Java Memory Model concerns on Intel and AMD systems

The Java Memory Model (JMM) was recently clarified by JSR-133 with the corresponding changes incorporated into chapter 17 of the Java Language Specification, 3rd edition. Doug Lea's excellent JSR-133 Cookbook reinterprets JSR-133 from the perspective of and for the benefit of JVM implementers. A JVM must reconcile the JMM and the memory consistency model of the underlying platform. Intel/AMD (x86) and SPARC Total Store Order(TSO) define relatively strong memory consistency models; the only architectural reordering of concern is that a store followed by a load in program order can be reordered by the platform such that the store becomes visible before the load executes. If we require that store to become visible before the load executes then a serializing instruction -- typically an atomic instruction, such as CAS or a fence (MFENCE, MEMBAR #StoreLoad) -- must execute between the store and load in question.

The JMM defines a strong memory model akin to sequential consistency (SC) for volatile accesses. On Intel, AMD and SPARC processors, it's sufficient for the JVM to execute a fence instruction after all volatile stores. In practice this means that while translating Java bytecode to native code the just-in-time-compiler, or JIT, emits a fence after all volatile stores. In addition to avoiding architectural reordering through the use of fence instructions, the JIT will also avoid compile-time ordering of volatile accesses. To be somewhat more precise, a volatile load has acquire semantics and a volatile store has release semantics.

Of late, however, both Intel in their Intel® 64 Architecture Memory Ordering White Paper and AMD (in section 7.2 "Multiprocessor Memory Access Ordering" of their recently updated systems programming guide) have relaxed the definition of their platform memory models. Under their previously defined memory models, for instance, if MFENCE instructions appeared between all store-load pairs you'd effectively have sequential consistency. That no longer holds. Instead of sequential consistency we'll instead have slightly weaker causal consistency. (As an aside, I wonder if these specification changes apply to existing processors already in the field -- that is, they clarify the behavior of existing processors -- or if they reflect future or planned processors? I'd hope the latter). Intel claims to have analyzed a large body of existing code in the field and believes that no programs will observe the change or be adversely affected. Strictly speaking, however, existing JVMs that emit MFENCE instructions after volatile stores would be in violation of the JMM when running on processors that actually implemented causal consistency instead of the previous TSO-like model. Collectively, we could clarify the JMM yet again to admit causal consistency for volatiles. Another option would be to change the code emission in the JIT to use locked instructions or XCHG instead of MFENCE. By my reading of the new Intel and AMD documents that'd be sufficient to put the JVM into compliance with the JMM on processors with the relaxed memory model. That's likely slower, however.

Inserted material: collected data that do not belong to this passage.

theorem mainTheorem5:
  fixes V :: "real \<Rightarrow> real" and t x :: real
  assumes "cadlag_on_nonneg V"
    and "finite_variation_compacts V"
    and "t > 0"
    and "simple_level V x"
    and "x \<noteq> V 0" and "x \<noteq> V t"
  shows "finite ({0<..t} \<inter> incr_set V x) \<and>
         finite ({0<..t} \<inter> decr_set V x) \<and>
         finite {s \<in> {0<..t}. indicator {x..} (V s) - indicator {x..} (left_lim V s) \<noteq> (0::real)} \<and>
         (indicator {x..} (V t) :: real) =
           indicator {x..} (V 0) + real_of_int (level_count V x t)
           + (\<Sum>s \<in> {s \<in> {0<..t}. indicator {x..} (V s) - indicator {x..} (left_lim V s) \<noteq> (0::real)}.
                indicator {x..} (V s) - indicator {x..} (left_lim V s))"
proof -
  interpret simple_level_path V x
    using assms by unfold_locales auto
  have fin: "finite (crossing_times V x \<inter> {0<..t})"
    using finite_crossing_times[of t] by (rule finite_subset[rotated]) auto
  have "indicator {x..} (V t) - indicator {x..} (V 0) =
      (\<Sum>m \<in> crossing_times V x \<inter> {0<..t}. crossing_contribution V x m)"
    using assms(3,5,6) by (intro indicator_change_eq_sum_crossings) auto
  then show ?thesis
    unfolding sum_crossing_contribution
    by (intro conjI finite_subset[OF incr_set_subset_crossing_times fin]
        finite_subset[OF decr_set_subset_crossing_times fin]
        finite_subset[OF jump_times_subset_crossing_times fin]) linarith
qed

end
(* Let $\tau\in(0,\infty]$ and let $\{(\mathbf{x}_i,\mathbf{v}_i)\}_{i=1}^N$ be a solution on $[0,\tau)$ of the Cucker–Smale model with bonding force $$\dot{\mathbf{x}}_i=\mathbf{v}_i,\qquad \dot{\mathbf{v}}_i=\frac{\kappa_0}{N}\sum_{j=1}^N\psi(\|\mathbf{x}_j-\mathbf{x}_i\|)(\mathbf{v}_j-\mathbf{v}_i)+\frac{\kappa_1}{N}\sum_{j\ne i}\Big\langle\mathbf{v}_j-\mathbf{v}_i,\frac{\mathbf{x}_j-\mathbf{x}_i}{\|\mathbf{x}_j-\mathbf{x}_i\|}\Big\rangle\frac{\mathbf{x}_j-\mathbf{x}_i}{\|\mathbf{x}_j-\mathbf{x}_i\|}+\frac{\kappa_2}{N}\sum_{j\ne i}\big(\|\mathbf{x}_j-\mathbf{x}_i\|-d^\infty_{ij}\big)\frac{\mathbf{x}_j-\mathbf{x}_i}{\|\mathbf{x}_j-\mathbf{x}_i\|}.$$ Then for all $t\in[0,\tau)$, $E(t)+\int_0^tP(s)\,ds=E(0)$, where $$P:=\frac{\kappa_0}{2N}\sum_{i,j=1}^N\psi(\|\mathbf{x}_j-\mathbf{x}_i\|)\|\mathbf{v}_j-\mathbf{v}_i\|^2+\frac{\kappa_1}{2N}\sum_{i\ne j}\Big\langle\mathbf{v}_j-\mathbf{v}_i,\frac{\mathbf{x}_j-\mathbf{x}_i}{\|\mathbf{x}_j-\mathbf{x}_i\|}\Big\rangle^2.$$
   Context: $N\ge 2$, $d\ge1$, $[N]=\{1,\dots,N\}$; Euclidean norm and inner product on $\mathbb{R}^d$; $\kappa_0,\kappa_1,\kappa_2\ge 0$; $[d^\infty_{ij}]$ real symmetric with zero diagonal; $\psi:[0,\infty)\to[0,\infty)$ bounded and locally Lipschitz. A solution is a $C^1$ family with $\mathbf{x}_i(t)\ne\mathbf{x}_j(t)$ for $i\ne j$ satisfying the system. The total energy is $E:=\frac12\sum_{i=1}^N\|\mathbf{v}_i\|^2+\frac{\kappa_2}{4N}\sum_{i,j=1}^N\big(\|\mathbf{x}_j-\mathbf{x}_i\|-d^\infty_{ij}\big)^2$. *)

theory Defs
  imports "HOL-Analysis.Analysis" "HOL-Library.Extended_Real"
begin

definition unitdir :: "'a::euclidean_space \<Rightarrow> 'a \<Rightarrow> 'a" where
  "unitdir xi xj = (1 / norm (xj - xi)) *\<^sub>R (xj - xi)"

definition cs_rhs ::
  "nat \<Rightarrow> real \<Rightarrow> real \<Rightarrow> real \<Rightarrow> (real \<Rightarrow> real) \<Rightarrow> (nat \<Rightarrow> nat \<Rightarrow> real)
   \<Rightarrow> (nat \<Rightarrow> 'a::euclidean_space) \<Rightarrow> (nat \<Rightarrow> 'a) \<Rightarrow> nat \<Rightarrow> 'a" where
  "cs_rhs N k0 k1 k2 \<psi> dinf x v i =
     (k0 / real N) *\<^sub>R (\<Sum>j\<in>{1..N}. \<psi> (norm (x j - x i)) *\<^sub>R (v j - v i))
   + (k1 / real N) *\<^sub>R (\<Sum>j\<in>{1..N} - {i}.
        inner (v j - v i) (unitdir (x i) (x j)) *\<^sub>R unitdir (x i) (x j))
   + (k2 / real N) *\<^sub>R (\<Sum>j\<in>{1..N} - {i}.
        (norm (x j - x i) - dinf i j) *\<^sub>R unitdir (x i) (x j))"

definition total_energy ::
  "nat \<Rightarrow> real \<Rightarrow> (nat \<Rightarrow> nat \<Rightarrow> real) \<Rightarrow> (nat \<Rightarrow> 'a::euclidean_space) \<Rightarrow> (nat \<Rightarrow> 'a) \<Rightarrow> real" where
  "total_energy N k2 dinf x v =
     (1/2) * (\<Sum>i\<in>{1..N}. (norm (v i))\<^sup>2)
   + (k2 / (4 * real N)) * (\<Sum>i\<in>{1..N}. \<Sum>j\<in>{1..N}. (norm (x j - x i) - dinf i j)\<^sup>2)"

Readers interested in this topic would also likely enjoy Hans Boehm's presentation Getting C++ Threads Right which touches on the analogous problem for the new C++0x memory model (Youtube video).

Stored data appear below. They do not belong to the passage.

definition exact_at :: "nat \<Rightarrow> ('k::field) rep \<Rightarrow> 'k rep \<Rightarrow>
    (nat \<Rightarrow> 'k vec \<Rightarrow> 'k vec) \<Rightarrow> (nat \<Rightarrow> 'k vec \<Rightarrow> 'k vec) \<Rightarrow> bool" where
  "exact_at t L M f g \<longleftrightarrow>
     (\<forall>i\<in>{1..t}. {v \<in> space (rdim M i). g i v = (\<lambda>_. 0)} = f i ` space (rdim L i))"

definition vleft :: "nat \<Rightarrow> ('k::zero) vec \<Rightarrow> 'k vec" where
  "vleft m w = (\<lambda>h. if 1 \<le> h \<and> h \<le> m then w h else 0)"
definition vright :: "nat \<Rightarrow> ('k::zero) vec \<Rightarrow> 'k vec" where
  "vright m w = (\<lambda>h. if 1 \<le> h then w (h + m) else 0)"
definition vconcat :: "nat \<Rightarrow> ('k::zero) vec \<Rightarrow> 'k vec \<Rightarrow> 'k vec" where
  "vconcat m u v = (\<lambda>h. if h = 0 then 0 else if h \<le> m then u h else v (h - m))"

definition dsum :: "('k::zero) rep \<Rightarrow> 'k rep \<Rightarrow> 'k rep" where
  "dsum M N = \<lparr> rdim = (\<lambda>i. rdim M i + rdim N i),
     ralpha = (\<lambda>i w. vconcat (rdim M (i+1))
                 (ralpha M i (vleft (rdim M i) w)) (ralpha N i (vright (rdim M i) w))),
     rbeta = (\<lambda>j w. vconcat (rdim M j)
                 (rbeta M j (vleft (rdim M (j+2)) w)) (rbeta N j (vright (rdim M (j+2)) w))) \<rparr>"

definition hom_pair :: "('k::zero) rep \<Rightarrow> (nat \<Rightarrow> 'k vec \<Rightarrow> 'k vec) \<Rightarrow> (nat \<Rightarrow> 'k vec \<Rightarrow> 'k vec)
     \<Rightarrow> nat \<Rightarrow> 'k vec \<Rightarrow> 'k vec" where
  "hom_pair M f g = (\<lambda>i v. vconcat (rdim M i) (f i v) (g i v))"

definition Delta :: "nat set \<Rightarrow> ('k::field) rep" where
  "Delta J = \<lparr> rdim = (\<lambda>i. card {j \<in> J. j \<le> i}),
     ralpha = (\<lambda>i v. v),
     rbeta = (\<lambda>j v. (\<lambda>h. if h = 0 then 0 else v (h + 1))) \<rparr>"

definition Proj :: "nat \<Rightarrow> ('k::field) rep" where
  "Proj i = Delta {i'. 1 \<le> i' \<and> i' \<le> i \<and> i' mod 2 = i mod 2}"

definition alg_closed_type :: "'k::field itself \<Rightarrow> bool" where
  "alg_closed_type _ \<longleftrightarrow> (\<forall>p :: 'k poly. 0 < degree p \<longrightarrow> (\<exists>x. poly p x = 0))"

end

theory Submission
  imports Defs
begin

text \<open>
  Write \<delta> = b mod 2, A = {b-1, b-3, ...}, B = {b, b-2, ...} and E = {b+2, b+4, ..., c}, so that
  P(b-1) = \<Delta>(A), P(b) = \<Delta>(B), P(c) = \<Delta>(B \<union> E) and J = A \<union> E.
  Homomorphisms between modules \<Delta>(S) commute with the inclusions \<alpha> and with the shift \<beta>;
  as B has no element above t - 2, a homomorphism out of P(b) is therefore determined by the image of
  the top basis vector, which forces \<phi>^(b-1) to be the shift by \<delta> and \<phi>^b to be the inclusion.
  The cokernel map is (u, w) \<mapsto> shift_\<delta> w - u from P(b-1) \<oplus> P(c) to T.
  At a vertex i, let e be the number of elements of E up to i: then dim P(c)_i = dim P(b)_i + e,
  dim T_i = dim P(b-1)_i + e and dim P(b)_i \<le> dim P(b-1)_i + \<delta>, with equality when e > 0;
  these counts make the sequence exact at every vertex.
\<close>

section \<open>Coordinate vectors and linear maps\<close>

definition vshift :: "nat \<Rightarrow> 'k::zero vec \<Rightarrow> 'k vec" where
  "vshift k v = (\<lambda>h. if h = 0 then 0 else v (h + k))"

lemma space_zero: "v \<in> space n \<Longrightarrow> v 0 = 0"
  by (simp add: space_def)

lemma space_mono: "v \<in> space m \<Longrightarrow> m \<le> n \<Longrightarrow> v \<in> space n"
  by (auto simp: space_def)

lemma vshift_in_space: "v \<in> space m \<Longrightarrow> m \<le> n + k \<Longrightarrow> vshift k v \<in> space n"
  by (auto simp: space_def vshift_def)

lemma vshift_at_0 [simp]: "vshift k v 0 = 0"
  by (simp add: vshift_def)

lemma vshift_vshift: "vshift j (vshift k v) = vshift (j + k) v"
  by (auto simp: vshift_def add.assoc)

lemma vshift_0: "v \<in> space n \<Longrightarrow> vshift 0 v = v"
  by (auto simp: space_def vshift_def)

lemma vshift_basis_vec: "1 \<le> h \<Longrightarrow> vshift k (basis_vec (h + k)) = basis_vec h"
  by (auto simp: vshift_def basis_vec_def)

lemma vshift_add: "vshift k (\<lambda>h. u h + v h) = (\<lambda>h. vshift k u h + vshift k v h)"
  and vshift_diff: "vshift k (\<lambda>h. u h - v h) = (\<lambda>h. vshift k u h - vshift k v h)"
  and vshift_scale: "vshift k (\<lambda>h. c * v h) = (\<lambda>h. c * vshift k v h)"
  for u v :: "'k::comm_ring vec"
  by (simp_all add: vshift_def fun_eq_iff)

lemma vleft_vconcat: "u \<in> space m \<Longrightarrow> vleft m (vconcat m u w) = u"
  by (rule ext) (auto simp: vleft_def vconcat_def space_def Suc_le_eq)

lemma vright_vconcat: "w 0 = 0 \<Longrightarrow> vright m (vconcat m u w) = w"
  by (rule ext) (auto simp: vright_def vconcat_def Suc_le_eq)

lemma vconcat_vleft_vright: "x 0 = 0 \<Longrightarrow> vconcat m (vleft m x) (vright m x) = x"
  by (rule ext) (auto simp: vleft_def vright_def vconcat_def)

lemma vleft_in_space: "vleft m x \<in> space m"
  by (simp add: vleft_def space_def)

lemma vright_in_space: "x \<in> space (m + n) \<Longrightarrow> vright m x \<in> space n"
  by (auto simp: vright_def space_def)

lemma vconcat_in_space: "u \<in> space m \<Longrightarrow> w \<in> space n \<Longrightarrow> vconcat m u w \<in> space (m + n)"
  by (auto simp: vconcat_def space_def)

lemma vleft_add: "vleft m (\<lambda>h. u h + v h) = (\<lambda>h. vleft m u h + vleft m v h)"
  and vleft_scale: "vleft m (\<lambda>h. c * v h) = (\<lambda>h. c * vleft m v h)"
  and vright_add: "vright m (\<lambda>h. u h + v h) = (\<lambda>h. vright m u h + vright m v h)"
  and vright_scale: "vright m (\<lambda>h. c * v h) = (\<lambda>h. c * vright m v h)"
  and vconcat_add: "vconcat m (\<lambda>h. u h + u' h) (\<lambda>h. w h + w' h) = (\<lambda>h. vconcat m u w h + vconcat m u' w' h)"
  and vconcat_scale: "vconcat m (\<lambda>h. c * u h) (\<lambda>h. c * w h) = (\<lambda>h. c * vconcat m u w h)"
  for u u' v w w' :: "'k::comm_ring vec"
  by (simp_all add: vleft_def vright_def vconcat_def fun_eq_iff)

lemma linear_on_comp:
  "linear_on m n F \<Longrightarrow> linear_on n p G \<Longrightarrow> linear_on m p (G \<circ> F)"
  by (simp add: linear_on_def)

lemma linear_on_diff:
  fixes F G :: "'k::field vec \<Rightarrow> 'k vec"
  shows "linear_on m n F \<Longrightarrow> linear_on m n G \<Longrightarrow> linear_on m n (\<lambda>x h. G x h - F x h)"
  by (simp add: linear_on_def space_def fun_eq_iff algebra_simps)
lemma pred_on_path_child:
  assumes "prec B nxt b c"
  shows "pred_on_path B nxt b c \<in> {1..B}" "nxt (pred_on_path B nxt b c) = Some b"
    "pred_on_path B nxt b c = c \<or> prec B nxt (pred_on_path B nxt b c) c"
proof -
  obtain g where g: "g \<in> {1..B}" "nxt g = Some b" "g = c \<or> prec B nxt g c"
    using child_on_path_exists[OF assms] .
  have "pred_on_path B nxt b c = g"
    unfolding pred_on_path_def
  proof (rule the_equality)
    fix g' assume "g' \<in> {1..B} \<and> nxt g' = Some b \<and> (g' = c \<or> prec B nxt g' c)"
    then show "g' = g" using child_on_path_unique[OF g] by auto
  qed (use g in auto)
  with g show "pred_on_path B nxt b c \<in> {1..B}" "nxt (pred_on_path B nxt b c) = Some b"
    "pred_on_path B nxt b c = c \<or> prec B nxt (pred_on_path B nxt b c) c" by simp_all
qed

lemma children_on_path:
  "{g \<in> {1..B}. nxt g = Some b \<and> (g = c \<or> prec B nxt g c)}
     = (if prec B nxt b c then {pred_on_path B nxt b c} else {})"
proof (cases "prec B nxt b c")
  case True
  note g = pred_on_path_child[OF True]
  show ?thesis
  proof (rule set_eqI)
    fix a
    show "a \<in> {g \<in> {1..B}. nxt g = Some b \<and> (g = c \<or> prec B nxt g c)}
      \<longleftrightarrow> a \<in> (if prec B nxt b c then {pred_on_path B nxt b c} else {})"
      using True g child_on_path_unique[OF g, of a] by auto
  qed
next
  case False
  then show ?thesis using prec_child_trans[of _ b c] by auto
qed

end

lemma poly_charL: "poly (charL nb x a) t = detL nb x a t"
  by (simp add: charL_def detL_def poly_prod)

lemma degree_charL: "degree (charL nb x a) = nb a"
  using degree_prod_monic_linear[of "{1..nb a}" "x a"] by (simp add: charL_def)

lemma coeff_charL_top: "coeff (charL nb x a) (nb a) = 1"
  using coeff_prod_monic_linear_card[of "{1..nb a}" "x a"] by (simp add: charL_def)

lemma Phi_eq_synthetic_div:
  "Phi B nb nxt lam x a c
     = smult (inverse (fvert B nb nxt lam x a)) (synthetic_div (charL nb x a) (lam (pred_on_path B nxt a c)))"
  by (simp add: Phi_def Let_def synthetic_div_eq_div poly_charL)

locale stackel_data = rooted_forest +
  fixes nb :: "nat \<Rightarrow> nat" and lam :: "nat \<Rightarrow> complex" and P :: "nat \<Rightarrow> complex poly"
    and x :: "nat \<Rightarrow> nat \<Rightarrow> complex"
  assumes nondeg: "nondegenerate B nb nxt lam P x"
    and nb_pos: "\<forall>a\<in>{1..B}. 1 \<le> nb a"
begin

abbreviation "f \<equiv> fvert B nb nxt lam x"
abbreviation "g \<equiv> gdiag B nb nxt lam P x"
abbreviation "K \<equiv> Kdiag B nb nxt lam P x"
abbreviation "S \<equiv> stackel nb nxt lam P x"

lemma x_ne_lam_edge:
  assumes "d \<in> {1..B}" "nxt d = Some b" "i \<in> {1..nb b}"
  shows "x b i \<noteq> lam d"
proof -
  have "\<forall>j\<in>{1..nb b}. lam d \<noteq> x b j"
    using nondeg assms(1,2) unfolding nondegenerate_def by blast
  with assms(3) show ?thesis by metis
qed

Update 2008-3-7: See Rick Hudson's IA Memory Ordering talk.

Update 2008-10-27: See and in particular their POPL 2009 submission The Semantics of X86 Multiprocessor Machine Code.

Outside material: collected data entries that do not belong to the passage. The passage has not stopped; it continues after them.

lemma spectral_gap_poincare:
  assumes "\<exists>y. (\<Sum>v\<in>UNIV. \<pi> v * y v) = 0 \<and> y \<noteq> (\<lambda>_. 0)"
  shows "spectral_gap P > 0"
    and "(\<Sum>v\<in>UNIV. \<pi> v * f v) = 0 \<Longrightarrow> spectral_gap P * pinner \<pi> f f \<le> dirichlet P \<pi> f"
proof -
  obtain \<mu> where "\<mu> > 0" and eigen: "is_eigenvalue P (1 - \<mu>)"
    and poincare: "\<And>f. (\<Sum>v\<in>UNIV. \<pi> v * f v) = 0 \<Longrightarrow> \<mu> * pinner \<pi> f f \<le> dirichlet P \<pi> f"
    using poincare_eigenvalue_exists[OF assms] by blast
  define EV where "EV = {lam. is_eigenvalue P lam \<and> lam < 1}"
  have "finite EV"
    unfolding EV_def by (rule finite_subset[OF _ finite_eigenvalues]) auto
  moreover have "1 - \<mu> \<in> EV"
    using eigen \<open>\<mu> > 0\<close> by (simp add: EV_def)
  ultimately have "Max EV \<in> EV" and max_ge: "1 - \<mu> \<le> Max EV"
    by (auto intro: Max_in)
  then have "Max EV < 1"
    by (simp add: EV_def)
  with max_ge have gap: "0 < spectral_gap P" "spectral_gap P \<le> \<mu>"
    by (simp_all add: spectral_gap_def EV_def[symmetric])
  then show "spectral_gap P > 0"
    by simp
  show "spectral_gap P * pinner \<pi> f f \<le> dirichlet P \<pi> f" if "(\<Sum>v\<in>UNIV. \<pi> v * f v) = 0"
    using mult_right_mono[OF gap(2) pinner_self_nonneg[of \<pi> f]] poincare[OF that] pi_pos
    by (simp add: less_imp_le)
qed

theorem R_eff_le_mult_R_eff_mat_pow:
  assumes "(\<Sum>v\<in>UNIV. \<xi> v) = 0" and "t \<ge> 1"
  shows "R_eff P \<pi> \<xi> \<le> ereal (real t) * R_eff (mat_pow P t) \<pi> \<xi>"
proof -
  obtain u where u: "\<And>v. \<pi> v * (u v - mat_vec P u v) = \<xi> v"
    using poisson_potential_exists[OF assms(1)] by blast
  define a where "a = dirichlet P \<pi> u"
  define w where "w = (\<lambda>v. (1 / real t) * u v)"
  have t: "real t > 0"
    using assms(2) by simp
  have "2 * (\<Sum>v\<in>UNIV. \<xi> v * w v) = 2 * a / real t"
    using sum_times_poisson_solution[OF u]
    by (simp add: w_def a_def flip: sum_divide_distrib)
  moreover have "dirichlet (mat_pow P t) \<pi> w \<le> a / real t"
    using mult_left_mono[OF dirichlet_mat_pow_le[of t u], of "(1 / real t)\<^sup>2"] t
    unfolding w_def dirichlet_scale a_def by (simp add: power2_eq_square)
  ultimately have "ereal (a / real t)
      \<le> ereal (2 * (\<Sum>v\<in>UNIV. \<xi> v * w v) - dirichlet (mat_pow P t) \<pi> w)"
    by simp
  also have "\<dots> \<le> R_eff (mat_pow P t) \<pi> \<xi>"
    using pi_pos mat_pow_nonneg[OF stochastic] by (rule dual_le_R_eff)
  finally have "ereal (real t) * ereal (a / real t) \<le> ereal (real t) * R_eff (mat_pow P t) \<pi> \<xi>"
    by (rule ereal_mult_left_mono) simp
  moreover have "R_eff P \<pi> \<xi> \<le> ereal a"
    unfolding a_def using stochastic reversible pi_pos u by (rule R_eff_le_dirichlet)
  ultimately show ?thesis
    using t by simp
qed

theorem R_eff_le_spectral_gap:
  assumes "(\<Sum>v\<in>UNIV. \<xi> v) = 0"
  shows "R_eff P \<pi> \<xi> \<le> ereal ((\<Sum>v\<in>UNIV. (\<xi> v / sqrt (\<pi> v))\<^sup>2) / spectral_gap P)"
proof -
  obtain u where u: "\<And>v. \<pi> v * (u v - mat_vec P u v) = \<xi> v"
    and centered: "(\<Sum>v\<in>UNIV. \<pi> v * u v) = 0"
    using poisson_potential_exists[OF assms] by blast
  define g where "g v = \<xi> v / \<pi> v" for v
  have pi_g: "\<pi> v * g v = \<xi> v" for v
    using pi_pos[of v] by (simp add: g_def)
  have dirichlet_u: "dirichlet P \<pi> u = pinner \<pi> u g"
    using sum_times_poisson_solution[OF u] by (simp add: pinner_def pi_g ac_simps flip: pi_g)
  have "dirichlet P \<pi> u \<le> pinner \<pi> g g / spectral_gap P"
  proof (cases "\<xi> = (\<lambda>_. 0)")
    case True
    then show ?thesis
      by (simp add: dirichlet_u pinner_def g_def)
  next
    case False
    then have "(\<Sum>v\<in>UNIV. \<pi> v * g v) = 0 \<and> g \<noteq> (\<lambda>_. 0)"
      using assms by (auto simp: pi_g fun_eq_iff simp flip: pi_g)
    then have "spectral_gap P > 0" and "spectral_gap P * pinner \<pi> u u \<le> pinner \<pi> u g"
      using spectral_gap_poincare(1) spectral_gap_poincare(2)[of u] centered
      by (auto simp: dirichlet_u)
    then show ?thesis
      using pi_pos by (simp add: dirichlet_u less_imp_le pinner_le_div_of_coercive)
  qed
  moreover have "\<pi> v * g v * g v = (\<xi> v / sqrt (\<pi> v))\<^sup>2" for v
    using pi_pos[of v] by (simp add: g_def power_divide power2_eq_square field_simps)
  then have "pinner \<pi> g g = (\<Sum>v\<in>UNIV. (\<xi> v / sqrt (\<pi> v))\<^sup>2)"
    by (simp add: pinner_def)
  moreover have "R_eff P \<pi> \<xi> \<le> ereal (dirichlet P \<pi> u)"
    using stochastic reversible pi_pos u by (rule R_eff_le_dirichlet)
  ultimately show ?thesis
    by (auto elim!: order_trans)
qed

end

theorem lemma3p2:
  fixes P :: "'v::finite \<Rightarrow> 'v \<Rightarrow> real" and \<pi> \<xi> :: "'v \<Rightarrow> real"
  assumes "row_stochastic P" and "irreducible P"
    and "stationary_dist P \<pi>" and "reversible P \<pi>"
    and "(\<Sum>v\<in>UNIV. \<xi> v) = 0"
  shows "(\<forall>t::nat. t \<ge> 1 \<longrightarrow> R_eff P \<pi> \<xi> \<le> ereal (real t) * R_eff (mat_pow P t) \<pi> \<xi>)
    \<and> R_eff P \<pi> \<xi> \<le> ereal ((\<Sum>v\<in>UNIV. (\<xi> v / sqrt (\<pi> v))\<^sup>2) / spectral_gap P)"
proof -
  interpret irreducible_chain P \<pi>
    using assms(1-4) by unfold_locales
  show ?thesis
    using R_eff_le_mult_R_eff_mat_pow[OF assms(5)] R_eff_le_spectral_gap[OF assms(5)] by blast
qed

end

Always enjoy reading your posts! I didn't realize Intel and AMD were making this kind of change.

Posted by huntch (aka charlie hunt) on January 19, 2008 at 03:59 AM EST #

Doug Lea's JSR-133 Cookbook, while an excellent intro doc, is sometimes a little bit confusing.

For example, it states that "on the processors discussed below, a StoreLoad is strictly necessary only for separating stores from subsequent loads of the same location(s) as were stored before the barrier".

In a first instance, I interpreted this to mean that StoreLoads can be eliminated when they separate a store from a load on a \*different\* location. But consider the following program.

Volatiles u, v.
Initially u = v = 0.
T1 | T2
11: u = 1; | 21: v = 1;
12: u = 2; | 22: v = 2;
13: r1 = v; | 23: r2 = u;

The JMM doesn't allow the final result r1 = r2 = 1 with volatiles u, v. I cannot see how to impose a total sync order compatible with prog order that allows \*both\* reads to see 1. Sequential consistency is safe.

On the other side, on machines where other than StoreLoad barriers are no-ops, the above program seems not to need any barrier at all, since according to my understanding of the above, the potential StoreLoads between 12 and 13 and between 22 and 23 could be removed. But this would then be exactly the same as a program with nonvolatiles u, v, for which the JMM allows r1 = r2 = 1. This contradicts the above reasoning. The barriers are needed despite the above quotation may suggest the contrary.

Fortunately, the cookbook later prescribes to issue a StoreLoad barrier to separate a volatile store from a volatile load without further case analysis.

Moreover, I interpret the JSR-133 Cookbook as saying that the purpose of barriers is to avoid reorderings at the processor level (including write buffers, caches and execution units), not necessarily at the shared memory level. To me, this means that the memory actions are \*issued\* to memory according to the barriers, not that they are actually \*seen\* by other CPUs in the same order as issued.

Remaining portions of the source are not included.